Расширьте образцы путем мытья образца с избыточным объемом двойной дистиллированной воды три-пять раз в течение десяти минут за стирку. Затем выполняем флуоресценцию. Если этот протокол выполняется успешно, образцы появляются как плоский и прозрачный гель после механической гомогенизации и может расширяться в 3-4,5 раза в воде.

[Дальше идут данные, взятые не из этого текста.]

lemma coef_power_shift: "a \<noteq> 0 \<Longrightarrow> coef_power a k j = 2*a^2 * coef_power a k (Suc j)"
  by (simp add: coef_power_def)

lemma coef_power_eq: "a \<noteq> 0 \<Longrightarrow> j \<le> k \<Longrightarrow> coef_power a k j = (2*a^2)^(k-j)"
  by (simp add: coef_power_def power_diff)

lemma coef_omega_eq:
  assumes "j \<le> k" "a \<noteq> 0"
  shows "coef_omega a k j = odd_dfact k * dfact_sum_lin (2*a^2) j k"
proof -
  have h1: "(2*real j + 3) * coef_delta k j = odd_dfact k / odd_dfact j"
    by (simp add: coef_delta_def odd_dfact_Suc)
  have h2: "2*a^2 * coef_power a k j / (2*real k + 3) = odd_dfact k * (2*a^2)^(Suc k - j) / odd_dfact (Suc k)"
    using assms by (simp add: coef_power_eq Suc_diff_le odd_dfact_Suc)
  have "2 * coef_omega a k j = (2*a^2 - (2*real j + 3)) * coef_sigma a k j
      + odd_dfact k / odd_dfact j - odd_dfact k * (2*a^2)^(Suc k - j) / odd_dfact (Suc k)"
    unfolding coef_omega_def h1 h2 by (simp add: field_simps)
  also have "\<dots> = odd_dfact k * (2 * dfact_sum_lin (2*a^2) j k)"
    unfolding dfact_sum_lin_closed[OF assms(1)] coef_sigma_def
    by (simp add: field_simps)
  finally show ?thesis
    by simp
qed

definition beta_odd_factor :: "real \<Rightarrow> nat \<Rightarrow> nat \<Rightarrow> real" where
  "beta_odd_factor a k j = (2*real j + 3) / (2*real k + 3) * coef_power a k j + 2 * coef_omega a k j"

definition beta_even_factor :: "real \<Rightarrow> nat \<Rightarrow> nat \<Rightarrow> real" where
  "beta_even_factor a k j
     = (2*real j + 1) / (2*real k + 3) * coef_power a k j + 2 * (coef_omega a k j + coef_sigma a k j)"

definition alpha_even_factor :: "real \<Rightarrow> nat \<Rightarrow> nat \<Rightarrow> real" where
  "alpha_even_factor a k j = (2*real k + 3 - 2*a^2) * (coef_omega a k j + coef_sigma a k j)
     + (real k + 1 - real j) * 2*a^2 * coef_power a k j / (2*real k + 3)"

definition alpha_odd_factor :: "real \<Rightarrow> nat \<Rightarrow> nat \<Rightarrow> real" where
  "alpha_odd_factor a k j = (2*real k + 3) * coef_omega a k j / (2*a^2) - coef_omega a k j
     + (real k - real j) * coef_power a k j / (2*real k + 3)"
definition gen_less :: "'v form set \<Rightarrow> 'v form \<Rightarrow> 'v form \<Rightarrow> bool" where
  "gen_less E \<theta> \<phi> \<longleftrightarrow> consistent E \<and> \<not> valid \<theta> \<and>
     (\<forall>E'. E' \<subseteq> E \<and> consistent (E' \<union> {Neg \<phi>}) \<longrightarrow>
        (\<exists>E''. E'' \<subseteq> E \<and> card E' < card E'' \<and> consistent (E'' \<union> {Neg \<theta>})))"

definition gen_le :: "'v form set \<Rightarrow> 'v rel" where
  "gen_le E \<theta> \<phi> \<longleftrightarrow> \<not> gen_less E \<phi> \<theta>"

text \<open>revchain Delta (i+1) = ((...(gen_le {} * gen_le Delta_0^->) * ...) * gen_le Delta_i^->).\<close>
primrec revchain :: "'v default set \<Rightarrow> nat \<Rightarrow> 'v rel" where
  "revchain \<Delta> 0 = gen_le {}"
| "revchain \<Delta> (Suc i) = erev (revchain \<Delta> i) (gen_le (mat (zlayer \<Delta> i)))"

end

theory Submission
  imports Defs
begin

text \<open>
  All E-relations involved are represented by full sequences of disjoint sets of worlds,
  i.e. by a ranking of the worlds.  The relation generated by a consistent finite set \<open>E\<close>
  ranks a world by the number of formulas of \<open>E\<close> it violates, and revising a full ranking
  by another full ranking orders worlds lexicographically, the new ranking being the most
  significant digit.  So after revising by \<open>\<Delta>\<^sub>0\<^sup>\<rightarrow>, \<dots>, \<Delta>\<^sub>n\<^sup>\<rightarrow>\<close> the worlds are ranked
  lexicographically by their violation counts in \<open>\<Delta>\<^sub>n, \<dots>, \<Delta>\<^sub>0\<close>, which is the order \<open>\<ll>\<^sub>l\<^sub>e\<^sub>x\<close>
  on the sets of defaults they satisfy.  A final revision by \<open>\<theta>\<close> makes the best
  \<open>\<theta>\<close>-worlds minimal, and these are exactly the models of the \<open>\<ll>\<^sub>l\<^sub>e\<^sub>x\<close>-maximal subsets
  of \<open>\<Delta>\<close> consistent with \<open>\<theta>\<close>.
\<close>

lemma consistent_iff: "consistent S \<longleftrightarrow> (\<exists>w. \<forall>f\<in>S. sat w f)"
  unfolding consistent_def entails_def models_def by auto

lemma entails_iff: "entails S \<phi> \<longleftrightarrow> (\<forall>w. (\<forall>f\<in>S. sat w f) \<longrightarrow> sat w \<phi>)"
  unfolding entails_def models_def by auto

lemma valid_iff: "valid \<phi> \<longleftrightarrow> (\<forall>w. sat w \<phi>)"
  unfolding valid_def entails_def models_def by auto

lemma consistent_subset: "S \<subseteq> T \<Longrightarrow> consistent T \<Longrightarrow> consistent S"
  unfolding consistent_iff by blast

lemma ex_characteristic_form:
  fixes w :: "('v::finite) world"
  shows "\<exists>c. \<forall>x. sat x c \<longleftrightarrow> x = w"
proof -
  obtain ps :: "'v list" where ps: "set ps = UNIV"
    using finite_list[OF finite_UNIV] by blast
  let ?c = "\<lambda>ps. foldr (\<lambda>p c. And (if w p then Var p else Neg (Var p)) c) ps Top"
  have "sat x (?c qs) \<longleftrightarrow> (\<forall>p\<in>set qs. x p = w p)" for x qs
    by (induction qs) auto
  then show ?thesis
    using ps by (intro exI[of _ "?c ps"]) (auto simp: fun_eq_iff)
qed

section \<open>Full sequences as rankings of worlds\<close>

definition level :: "'v seq \<Rightarrow> 'v world \<Rightarrow> nat" where
  "level U w = (LEAST i. i < length U \<and> w \<in> U ! i)"

lemma level_eqI:
  assumes "wf_seq U" "i < length U" "w \<in> U ! i"
  shows "level U w = i"
  unfolding level_def
proof (rule Least_equality)
  show "i < length U \<and> w \<in> U ! i" using assms by auto
  fix j assume "j < length U \<and> w \<in> U ! j"
  then have "j = i" using assms unfolding wf_seq_def by blast
  then show "i \<le> j" by simp
qed

lemma
  assumes "wf_seq U" "full U"
  shows level_less_length: "level U w < length U"
    and level_mem: "w \<in> U ! level U w"
proof -
  from assms(2) obtain i where "i < length U" "w \<in> U ! i"
    unfolding full_def by blast
  with level_eqI[OF assms(1) this] show "level U w < length U" "w \<in> U ! level U w"
    by simp_all
qed
lemma block_moment_recursion_ge:
  fixes \<Phi> :: "real^'m::finite^'n::finite \<Rightarrow> real"
  assumes e: "\<epsilon> > 0" and [measurable]: "\<Phi> \<in> borel_measurable borel" and nn: "\<And>x. \<Phi> x \<ge> 0"
    and sc: "\<And>l x. 0 < l \<Longrightarrow> l < 1 \<Longrightarrow>
      \<Phi> (scale_block i l x) \<ge> exp (- (\<epsilon> * (l - 1) * norm (x $ i))) * \<Phi> x"
    and c: "block_moment \<Phi> i k = ennreal c" "c \<ge> 0"
    and d: "block_moment \<Phi> i (Suc k) = ennreal d" "d \<ge> 0"
  shows "\<epsilon> * d \<le> real (CARD('m) + k) * c"
proof (rule power_perturbation_ge[OF c(2)])
  show "\<epsilon> * d \<ge> 0" using e d by simp
  fix l :: real assume l: "0 < l" "l < 1"
  have "block_moment \<Phi> i k \<ge> ennreal (l ^ (CARD('m) + k)) *
      (block_moment \<Phi> i k + ennreal (\<epsilon> * (1 - l)) * block_moment \<Phi> i (Suc k))"
    by (rule block_moment_ge_scaled_sum[OF l e]) (use nn sc l in auto)
  then have "ennreal c \<ge> ennreal (l ^ (CARD('m) + k) * (c + \<epsilon> * d * (1 - l)))"
    unfolding c d using l e c d
    by (simp add: ennreal_mult[symmetric] ennreal_plus[symmetric] mult_ac del: ennreal_plus)
  then show "l ^ (CARD('m) + k) * (c + \<epsilon> * d * (1 - l)) \<le> c"
    using l e c d by (subst (asm) ennreal_le_iff) auto
qed
(* Assume (A1)–(A4) and let $b\in\mathcal H$ be consistent. Then the optimization problem $$\min\{ f(Wx) : x\in\mathscr D(W),\ Ax=b\}$$ admits a unique solution $x^*\in\mathscr D(W)$, and it satisfies $Wx^*\in\mathscr D(f)$.
   Context: $\mathcal X,\mathcal Y,\mathcal H$ are real Hilbert spaces. Standing assumptions: (A1) $A:\mathcal X\to\mathcal H$ is a bounded linear operator. (A2) $f:\mathcal Y\to(-\infty,\infty]$ is proper, lower semicontinuous and strongly convex with constant $c_0>0$, i.e. $f(ty_1+(1-t)y_2)+c_0t(1-t)\|y_1-y_2\|^2\le tf(y_1)+(1-t)f(y_2)$ for all $y_1,y_2\in\mathcal Y$, $t\in[0,1]$. (A3) $W:\mathscr D(W)\subset\mathcal X\to\mathcal Y$ is a densely defined closed linear operator with domain $\mathscr D(W)$. (A4) There is $c_1>0$ with $\|Ax\|^2+\|Wx\|^2\ge c_1\|x\|^2$ for all $x\in\mathscr D(W)$. $\mathscr D(f)=\{y: f(y)<\infty\}$. The data $b\in\mathcal H$ is called consistent if $b=Ax$ for some $x\in\mathscr D(W)$ with $Wx\in\mathscr D(f)$. *)

theory Defs
  imports "HOL-Analysis.Analysis"
begin

text \<open>Extended-real valued functions f : Y -> (-infinity, infinity] are modelled as
  functions into ereal that never take the value -infinity.\<close>

definition proper_fun :: "('a \<Rightarrow> ereal) \<Rightarrow> bool" where
  "proper_fun f \<longleftrightarrow> (\<forall>y. f y \<noteq> -\<infinity>) \<and> (\<exists>y. f y \<noteq> \<infinity>)"

definition lower_semicontinuous :: "('a::topological_space \<Rightarrow> ereal) \<Rightarrow> bool" where
  "lower_semicontinuous f \<longleftrightarrow> (\<forall>a::ereal. closed {y. f y \<le> a})"

definition effective_domain :: "('a \<Rightarrow> ereal) \<Rightarrow> 'a set" where
  "effective_domain f = {y. f y < \<infinity>}"

definition strongly_convex :: "real \<Rightarrow> ('a::real_normed_vector \<Rightarrow> ereal) \<Rightarrow> bool" where
  "strongly_convex c f \<longleftrightarrow>
     (\<forall>y1 y2 t. 0 \<le> t \<and> t \<le> 1 \<longrightarrow>
        f (t *\<^sub>R y1 + (1 - t) *\<^sub>R y2) + ereal (c * t * (1 - t) * (norm (y1 - y2))\<^sup>2)
          \<le> ereal t * f y1 + ereal (1 - t) * f y2)"
lemma V_down_crossing:
  assumes "V Q = 0"
  shows "\<exists>D<0. (V has_real_derivative D) (at Q)"
proof -
  have "Q < 0"
    using V_neg_of_nonneg[of Q] assms by (cases "0 \<le> Q") auto
  have "F_Q Q (A Q) = 0"
    using assms l_neq_r by (simp add: V_def sgn_0_0)
  then have "dA Q = 0"
    by (simp add: dA_def)
  then have "(V has_real_derivative psi_Q Q (hi Q) - psi_Q Q (lo Q)) (at Q)"
    using V_has_real_derivative[of Q] sgn_mult_diff_A_B[OF l_neq_r, of "psi_Q Q" Q] by simp
  moreover have "psi Q (lo Q) = psi Q (hi Q)"
    using assms V_eq[OF l_neq_r] by simp
  then have "psi_Q Q (hi Q) - psi_Q Q (lo Q) < 0"
    using psi_Q_less_of_psi_eq[OF delta_pos \<open>Q < 0\<close>] lo_hi[OF l_neq_r] by simp
  ultimately show ?thesis
    by blast
qed

end

lemma deriv_A: "deriv (\<lambda>q. A q) Q = dA Q"
  by (rule DERIV_imp_deriv[OF A_has_real_derivative])

lemma sgn_deriv_A_eq_V:
  assumes "l \<noteq> r"
  shows "sgn (deriv (\<lambda>q. A q) Q) = - sgn (l - r) * sgn (V Q)"
proof -
  have "sgn (l - r) * sgn (l - r) = 1"
    using assms by (auto simp: sgn_real_def)
  then show ?thesis
    by (simp add: deriv_A sgn_dA V_def sgn_mult mult.assoc[symmetric])
qed

lemma deriv_A_sign_change_of_pos:
  assumes "\<delta> > 0"
  shows "\<exists>Qm<0. \<forall>Q0. (Q0 > Qm \<longrightarrow> sgn (deriv (\<lambda>q. A q) Q0) = sgn (l - r)) \<and>
                     (Q0 < Qm \<longrightarrow> sgn (deriv (\<lambda>q. A q) Q0) = - sgn (l - r))"
proof (cases "l = r")
  case True
  then have "A Q = B (A Q)" for Q
    using sgn_A_minus_B[of Q] by (simp add: sgn_0_0)
  then have "deriv (\<lambda>q. A q) Q = 0" for Q
    by (simp add: deriv_A dA_def F_Q_def)
  with True show ?thesis
    by (intro exI[of _ "-1"]) auto
next
  case False
  define Q1 where "Q1 = - (A_M + B 0) / (1 - \<delta>)"
  have "Q1 < 0"
    using A_M_pos B_pos[OF A_M_pos] delta_bound by (simp add: Q1_def divide_neg_pos)
  have "V Q1 > 0"
    using V_pos_of_far_neg[OF assms False] by (simp add: Q1_def)
  have "V 0 < 0"
    using V_neg_of_nonneg[OF assms False] by simp
  obtain z where "z \<in> {Q1<..<0}" and z: "\<forall>x. (z < x \<longrightarrow> V x < 0) \<and> (x < z \<longrightarrow> V x > 0)"
    using sign_change_unique[OF continuous_on_V V_down_crossing[OF assms False] \<open>Q1 < 0\<close> \<open>V Q1 > 0\<close> \<open>V 0 < 0\<close>]
    by blast
  have "sgn (deriv (\<lambda>q. A q) Q0) = sgn (l - r)" if "z < Q0" for Q0
    using z that sgn_deriv_A_eq_V[OF False, of Q0] by simp
  moreover have "sgn (deriv (\<lambda>q. A q) Q0) = - sgn (l - r)" if "Q0 < z" for Q0
    using z that sgn_deriv_A_eq_V[OF False, of Q0] by simp
  ultimately show ?thesis
    using \<open>z \<in> {Q1<..<0}\<close> by auto
qed

lemma deriv_A_sign_change_of_neg:
  assumes "\<delta> < 0"
  shows "\<exists>Qp>0. \<forall>Q0. (Q0 < Qp \<longrightarrow> sgn (deriv (\<lambda>q. A q) Q0) = - sgn (l - r)) \<and>
                     (Q0 > Qp \<longrightarrow> sgn (deriv (\<lambda>q. A q) Q0) = sgn (l - r))"
proof -
  interpret reflected: pnp_zero_current "- \<delta>" l r \<alpha> \<beta>
    using delta_bound l_pos r_pos alpha_pos beta_less_1 by unfold_locales auto
  have "- \<delta> > 0"
    using assms by simp
  then obtain Qm where "Qm < 0"
    and Qm: "\<forall>Q0. (Q0 > Qm \<longrightarrow> sgn (deriv (\<lambda>q. reflected.A q) Q0) = sgn (l - r)) \<and>
      (Q0 < Qm \<longrightarrow> sgn (deriv (\<lambda>q. reflected.A q) Q0) = - sgn (l - r))"
    using reflected.deriv_A_sign_change_of_pos by blast
  have reflect: "deriv (\<lambda>q. A q) Q0 = - deriv (\<lambda>q. reflected.A q) (- Q0)" for Q0
  proof -
    have "((\<lambda>q. reflected.A (- q)) has_real_derivative reflected.dA (- Q0) * - 1) (at Q0)"
      by (rule DERIV_chain2[OF reflected.A_has_real_derivative]) (auto intro!: derivative_eq_intros)
    then show ?thesis
      using Asol_reflect[of l r \<alpha> \<beta> _ \<delta>] by (simp add: DERIV_imp_deriv reflected.deriv_A)
  qed
  have "sgn (deriv (\<lambda>q. A q) Q0) = - sgn (l - r)" if "Q0 < - Qm" for Q0
    using Qm that by (simp add: reflect)
  moreover have "sgn (deriv (\<lambda>q. A q) Q0) = sgn (l - r)" if "Q0 > - Qm" for Q0
    using Qm that by (simp add: reflect)
  ultimately show ?thesis
    using \<open>Qm < 0\<close> by (intro exI[of _ "- Qm"]) auto
qed

end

Образец почки FFPE толщиной в пять микрометров был расширен в 4,5 раза, в результате чего разрешение составило 63 нанометров с использованием цели 0,95 н.е. Ткань затем была преобразована в расширение патологии совместимый формат и окрашенные антителами для Альфа Актинин 4 и Vimentin, DAPI для визуализации ядерной ДНК, и пшеница Germa Glutenin для обозначения углеводов. Для изображения образца затем использовалась конфокальцированная микроскопия спиннингового диска.
Затем почечная ткань была полностью расширена в воде и снова изображена. Крекинг, искажения и потеря помеченных целей могут быть результатом недостаточной закрепления или гомогенизации. Гематоксилин и эозин окрашенных нормальной ткани молочной железы рассматривается как образец FFPE, расширенный, помечены DAPI, и изображены на вращающемся диске конфокального микроскопа.
Нефиксированные и замороженные ломтики почек также были обработаны с помощью этого протокола. Ткань была зафиксирована в холодном ацетоне и окрашена альфа-актинином 4, виментином, DAPI и пшеничной гермой Глюнин. При выполнении этого метода, важно помнить, сроки шага геля имеет решающее значение.
Преждевременное гелеобразование может вызвать искажения, ограничить расширение и привести к потере молекул-мишеней. После этой процедуры флуоресцентная визуализация может быть выполнена на микроскопе после пищеварения и расширения образца. ExPath может быть широко применен как в патологиях, так и за его пределами.
Как это позволяет исследователям визуализировать тонкие детали в образцах тканей, представляющих интерес. Таким образом, это может помочь исследователям получить новые идеи в патогенеза заболеваний или механизмов биологических процессов.